TASK ITEM: Find the lines of data that contain the string "itself", then list them.

Collected data:
-------------------------

(* Let $A$ be a non-reduced Abelian group. Then $\mathrm{End}\,A$ is centrally essential if and only if $\mathrm{End}\,A$ is commutative.
   Context: All rings are associative with non-zero identity. A ring $R$ is centrally essential if for every non-zero $a\in R$ there exist non-zero elements $x,y$ of the center of $R$ with $ax=y$. An Abelian group is non-reduced if it contains a non-zero divisible subgroup. *)

theory Defs
  imports Main
begin

text \<open>The Abelian group A is the whole carrier of a type of class ab_group_add.\<close>

definition nsmul :: "nat \<Rightarrow> 'a::ab_group_add \<Rightarrow> 'a" where
  "nsmul n x = (\<Sum>_<n. x)"

definition is_subgroup :: "'a::ab_group_add set \<Rightarrow> bool" where
  "is_subgroup D \<longleftrightarrow> 0 \<in> D \<and> (\<forall>x\<in>D. \<forall>y\<in>D. x + y \<in> D) \<and> (\<forall>x\<in>D. - x \<in> D)"

definition divisible_subgroup :: "'a::ab_group_add set \<Rightarrow> bool" where
  "divisible_subgroup D \<longleftrightarrow> is_subgroup D \<and>
     (\<forall>d\<in>D. \<forall>n::nat. n > 0 \<longrightarrow> (\<exists>e\<in>D. nsmul n e = d))"

definition non_reduced :: "'a::ab_group_add itself \<Rightarrow> bool" where
  "non_reduced _ \<longleftrightarrow> (\<exists>D::'a set. divisible_subgroup D \<and> D \<noteq> {0})"

text \<open>The endomorphism ring End A: additive maps, with pointwise addition,
  zero map as zero and composition as multiplication.\<close>

definition End :: "('a::ab_group_add \<Rightarrow> 'a) set" where
  "End = {f. \<forall>x y. f (x + y) = f x + f y}"

definition End_center :: "('a::ab_group_add \<Rightarrow> 'a) set" where
  "End_center = {z \<in> End. \<forall>f\<in>End. z \<circ> f = f \<circ> z}"

definition End_centrally_essential :: "'a::ab_group_add itself \<Rightarrow> bool" where
  "End_centrally_essential _ \<longleftrightarrow>
     (\<forall>a\<in>(End :: ('a \<Rightarrow> 'a) set). a \<noteq> (\<lambda>_. 0) \<longrightarrow>
        (\<exists>x\<in>End_center. \<exists>y\<in>End_center. x \<noteq> (\<lambda>_. 0) \<and> y \<noteq> (\<lambda>_. 0) \<and> a \<circ> x = y))"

-------------------------

RESULT:
definition non_reduced :: "'a::ab_group_add itself \<Rightarrow> bool" where
definition End_centrally_essential :: "'a::ab_group_add itself \<Rightarrow> bool" where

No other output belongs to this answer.